The number of targets behind us had grown from two to five. My tactical display prioritized them and also highlighted potential cover in case a firefight broke out. I stepped forward with Tabby and Marny on either side.
"Far enough," I said. "Go home or we'll let this play out."
"You think you can take on the entire station?" One of the men stepped out from a dark storefront.
"I don't see an entire station. All I see is a handful of thugs who picked a fight and lost," I said. "It's over; leave it alone."
"You don't get it. Who do you think we are? We run the docks, cannons … everything. You think you've won? You're dead. You just don't know it," he said.
"I'll be sure to pass that along to the Admiral," I said.
"He can't be everywhere. Mistakes happen."
"Glad we worked that out." I turned back to the elevator.
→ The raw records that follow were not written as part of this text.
(* Let $n\in\mathbb{N}_0$. The range of the operator $I+RM+MR$ on $\mathbb{P}^\perp_{n,n-1}(\widehat T)$ is exactly $\{p\in\mathbb{P}^\perp_{n,n-1}(\widehat T): RMp=p\}$.
   Context: $\widehat T$ is the triangle with vertices $(0,0),(1,0),(0,1)$; $\mathbb{P}^\perp_{0,-1}(\widehat T)=\mathbb{P}_0$ and for $n\ge1$, $\mathbb{P}^\perp_{n,n-1}(\widehat T)$ is the space of polynomials of total degree $\le n$ that are $L^2(\widehat T)$-orthogonal to all polynomials of degree $\le n-1$. The linear maps $M,R$ are $Mp(x_1,x_2):=p(1-x_1-x_2,x_2)$ and $Rp(x_1,x_2):=p(x_2,x_1)$; both are automorphisms of $\mathbb{P}^\perp_{n,n-1}(\widehat T)$, and $RM$, $MR$ denote operator compositions. *)

theory Defs
  imports "HOL-Analysis.Analysis"
begin

definition poly_deg_le :: "nat \<Rightarrow> (real \<times> real \<Rightarrow> real) \<Rightarrow> bool" where
  "poly_deg_le n p \<longleftrightarrow> (\<exists>c :: nat \<Rightarrow> nat \<Rightarrow> real.
      p = (\<lambda>(x, y). \<Sum>i\<le>n. \<Sum>j\<le>n - i. c i j * x ^ i * y ^ j))"

definition ref_tri :: "(real \<times> real) set" where
  "ref_tri = {(x, y). 0 \<le> x \<and> 0 \<le> y \<and> x + y \<le> 1}"

definition Pperp :: "nat \<Rightarrow> (real \<times> real \<Rightarrow> real) set" where
  "Pperp n = {p. poly_deg_le n p \<and>
     (n \<ge> 1 \<longrightarrow> (\<forall>q. poly_deg_le (n - 1) q \<longrightarrow> integral ref_tri (\<lambda>z. p z * q z) = 0))}"

definition Mop :: "(real \<times> real \<Rightarrow> real) \<Rightarrow> (real \<times> real \<Rightarrow> real)" where
  "Mop p = (\<lambda>(x, y). p (1 - x - y, y))"

definition Rop :: "(real \<times> real \<Rightarrow> real) \<Rightarrow> (real \<times> real \<Rightarrow> real)" where
  "Rop p = (\<lambda>(x, y). p (y, x))"

end

theory Submission
  imports Defs
begin

text \<open>Both \<open>M\<close> and \<open>R\<close> are compositions with affine involutions of \<open>\<real>\<^sup>2\<close> that map the
  reference triangle onto itself, preserve Lebesgue measure and preserve total degree,
  hence they map \<open>Pperp n\<close> into itself. Moreover \<open>T = RM\<close> satisfies \<open>T\<^sup>3 = I\<close> with \<open>T\<^sup>2 = MR\<close>, so \<open>I + RM + MR\<close> maps
  into the fixed space of \<open>T\<close> and acts there as multiplication by 3.\<close>

lemma integrable_on_compact_continuous:
  fixes f :: "'a::euclidean_space \<Rightarrow> 'b::euclidean_space"
  assumes "compact S" "continuous_on S f"
  shows "f integrable_on S"
  using borel_integrable_compact[OF assms]
  by (intro set_borel_integral_eq_integral(1)) (simp add: set_integrable_def)

lemma integral_compose_measure_preserving:
  fixes \<phi> :: "'a::euclidean_space \<Rightarrow> 'a" and g :: "'a \<Rightarrow> 'b::euclidean_space"
  assumes preserving: "distr lborel lborel \<phi> = lborel"
    and cont_\<phi>: "continuous_on UNIV \<phi>" and cont_g: "continuous_on UNIV g"
    and "compact S" and invariant: "\<And>z. \<phi> z \<in> S \<longleftrightarrow> z \<in> S"
  shows "integral S (\<lambda>z. g (\<phi> z)) = integral S g"
proof -
  have [measurable]: "\<phi> \<in> borel_measurable borel" "g \<in> borel_measurable borel" "S \<in> sets borel"
    using cont_\<phi> cont_g \<open>compact S\<close>
    by (auto intro: borel_measurable_continuous_onI simp: borel_compact)
  have integrable: "set_integrable lborel S f" if "continuous_on UNIV f" for f :: "'a \<Rightarrow> 'b"
    unfolding set_integrable_def
    by (rule borel_integrable_compact[OF \<open>compact S\<close> continuous_on_subset[OF that]]) auto
  have "integral S (\<lambda>z. g (\<phi> z)) = (\<integral>z. indicator S (\<phi> z) *\<^sub>R g (\<phi> z) \<partial>lborel)"
    using set_borel_integral_eq_integral(2)[OF integrable[OF continuous_on_compose2[OF cont_g cont_\<phi>]]]
    by (simp add: set_lebesgue_integral_def invariant indicator_def)
  also have "\<dots> = (\<integral>w. indicator S w *\<^sub>R g w \<partial>distr lborel lborel \<phi>)"
    by (rule integral_distr[symmetric]) auto
  also have "\<dots> = integral S g"
    using set_borel_integral_eq_integral(2)[OF integrable[OF cont_g]]
    by (simp add: preserving set_lebesgue_integral_def)
  finally show ?thesis .
qed

definition Mmap :: "real \<times> real \<Rightarrow> real \<times> real" where
  "Mmap z = (1 - fst z - snd z, snd z)"

lemma Mmap_measurable [measurable]: "Mmap \<in> borel_measurable borel"
  unfolding Mmap_def by (intro borel_measurable_continuous_onI continuous_intros)

lemma lborel_distr_Mmap: "distr lborel lborel Mmap = lborel"
proof (rule measure_eqI)
  show "sets (distr lborel lborel Mmap) = sets (lborel :: (real \<times> real) measure)" by simp
next
  fix A :: "(real \<times> real) set" assume "A \<in> sets (distr lborel lborel Mmap)"
  then have A [measurable]: "A \<in> sets borel" by simp
  have [measurable]: "(\<lambda>z. indicator A z :: ennreal) \<in> borel_measurable (lborel \<Otimes>\<^sub>M lborel)"
    by (simp add: lborel_prod)
  have "emeasure (distr lborel lborel Mmap) A = (\<integral>\<^sup>+z. indicator (Mmap -` A) z \<partial>lborel)"
    using measurable_sets[OF Mmap_measurable A] by (simp add: emeasure_distr)
  also have "\<dots> = (\<integral>\<^sup>+z. indicator A (Mmap z) \<partial>(lborel \<Otimes>\<^sub>M lborel))"
    by (simp add: indicator_vimage lborel_prod)
  also have "\<dots> = (\<integral>\<^sup>+y. \<integral>\<^sup>+x. indicator A (1 - x - y, y) \<partial>lborel \<partial>lborel)"
    by (subst lborel_pair.nn_integral_snd[symmetric]) (auto simp: Mmap_def)
  also have "\<dots> = (\<integral>\<^sup>+y. \<integral>\<^sup>+x. indicator A (x, y) \<partial>lborel \<partial>lborel)"
  proof (rule nn_integral_cong)
    fix y :: real
    have "(\<lambda>x. indicator A (x, y) :: ennreal) \<in> borel_measurable borel"
      by measurable
    from nn_integral_real_affine[OF this, of "-1" "1 - y"]
    show "(\<integral>\<^sup>+x. indicator A (1 - x - y, y) \<partial>lborel) = (\<integral>\<^sup>+x. indicator A (x, y) \<partial>lborel)"
      by (simp add: algebra_simps)
  qed
  also have "\<dots> = (\<integral>\<^sup>+z. indicator A z \<partial>(lborel \<Otimes>\<^sub>M lborel))"
    by (subst lborel_pair.nn_integral_snd[symmetric]) auto
  also have "\<dots> = emeasure lborel A"
    by (simp add: lborel_prod)
  finally show "emeasure (distr lborel lborel Mmap) A = emeasure lborel A" .
qed

lemma lborel_distr_swap: "distr lborel lborel prod.swap = (lborel :: (real \<times> real) measure)"
proof -
  have "distr (lborel \<Otimes>\<^sub>M lborel) (lborel \<Otimes>\<^sub>M lborel) (\<lambda>(x, y). (y, x))
        = (lborel \<Otimes>\<^sub>M lborel :: (real \<times> real) measure)"
    using lborel_pair.distr_pair_swap[symmetric] by simp
  then show ?thesis
    by (metis (no_types, lifting) distr_cong lborel_prod prod.swap_def case_prod_beta')
qed

lemma compact_ref_tri: "compact ref_tri"
  unfolding compact_eq_bounded_closed
proof
  show "bounded ref_tri"
    by (rule bounded_subset[OF bounded_cbox[of "(0,0)" "(1,1)"]])
       (auto simp: ref_tri_def cbox_Pair_eq)
  have "ref_tri = {z. 0 \<le> fst z} \<inter> {z. 0 \<le> snd z} \<inter> {z. fst z + snd z \<le> 1}"
    by (auto simp: ref_tri_def)
  also have "closed \<dots>"
    by (intro closed_Int closed_Collect_le continuous_intros)
  finally show "closed ref_tri" .
qed

definition tri :: "nat \<Rightarrow> (nat \<times> nat) set" where
  "tri n = {(i, j). i + j \<le> n}"

lemma tri_eq_Sigma: "tri n = Sigma {..n} (\<lambda>i. {..n - i})"
  by (auto simp: tri_def)

lemma finite_tri [simp]: "finite (tri n)"
  by (simp add: tri_eq_Sigma)

lemma poly_deg_le_iff_sum_tri: "poly_deg_le n p \<longleftrightarrow>
   (\<exists>c. p = (\<lambda>z. \<Sum>(i, j)\<in>tri n. c i j * fst z ^ i * snd z ^ j))"
proof -
  have "(\<lambda>(x, y). \<Sum>i\<le>n. \<Sum>j\<le>n - i. c i j * x ^ i * y ^ j)
        = (\<lambda>z. \<Sum>(i, j)\<in>tri n. c i j * fst z ^ i * snd z ^ j)" for c :: "nat \<Rightarrow> nat \<Rightarrow> real"
    by (rule ext) (simp add: tri_eq_Sigma sum.Sigma case_prod_beta)
  then show ?thesis unfolding poly_deg_le_def by simp
qed

lemma poly_deg_le_zero: "poly_deg_le n (\<lambda>z. 0)"
  unfolding poly_deg_le_iff_sum_tri by (rule exI[of _ "\<lambda>i j. 0"]) simp

lemma poly_deg_le_add:
  assumes "poly_deg_le n p" "poly_deg_le n q"
  shows "poly_deg_le n (\<lambda>z. p z + q z)"
proof -
  obtain c d where c: "p = (\<lambda>z. \<Sum>(i, j)\<in>tri n. c i j * fst z ^ i * snd z ^ j)"
    and d: "q = (\<lambda>z. \<Sum>(i, j)\<in>tri n. d i j * fst z ^ i * snd z ^ j)"
    using assms unfolding poly_deg_le_iff_sum_tri by blast
  show ?thesis unfolding poly_deg_le_iff_sum_tri
    by (rule exI[of _ "\<lambda>i j. c i j + d i j"])
       (simp add: c d sum.distrib[symmetric] case_prod_beta algebra_simps)
qed

lemma poly_deg_le_cmult:
  assumes "poly_deg_le n p"
  shows "poly_deg_le n (\<lambda>z. a * p z)"
proof -
  obtain c where c: "p = (\<lambda>z. \<Sum>(i, j)\<in>tri n. c i j * fst z ^ i * snd z ^ j)"
    using assms unfolding poly_deg_le_iff_sum_tri by blast
  show ?thesis unfolding poly_deg_le_iff_sum_tri
    by (rule exI[of _ "\<lambda>i j. a * c i j"])
       (simp add: c sum_distrib_left case_prod_beta algebra_simps)
qed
My HUD would warn me if a weapon was raised in my direction. "Nick, do you have the crew?"
"They're just getting off the elevator," he replied.
I wasn't surprised that we hadn't made it more than a few meters down the passageway when my HUD blinked red on the lead figure. He'd drawn a weapon and the three of us responded in kind. As for me, it was an easy move to unclip my Ruger from the chest holster, turn and align the targeting reticle. The man's first shot plowed into my shoulder and burned; a much heavier load than those used in the bar. My shot ended up firing wild.
According to my HUD, four out of five of our pursuers were actively targeting me. I made a tactical decision to seek cover as two more rounds punched into my armor. Fortunately, the suit was better able to absorb these shots - or perhaps it was the adrenaline.
As with most combat in space, gun fights in hallways are pretty quick events. I’ve read about the stupidity of showing up to a gun fight with a knife. While that does sound like a bad idea, there's a close corollary. Don’t show up to a gun fight without armor and communications, especially when your opponent has both. So, much like my battle with Tullas, the attackers had focused all their efforts on a single target, in this case, me. While I'd taken the brunt of the opening salvo, these geniuses had all but ignored Marny and Tabby. They left my teammates, who were the two most offensively devastating in our group, complete tactical freedom.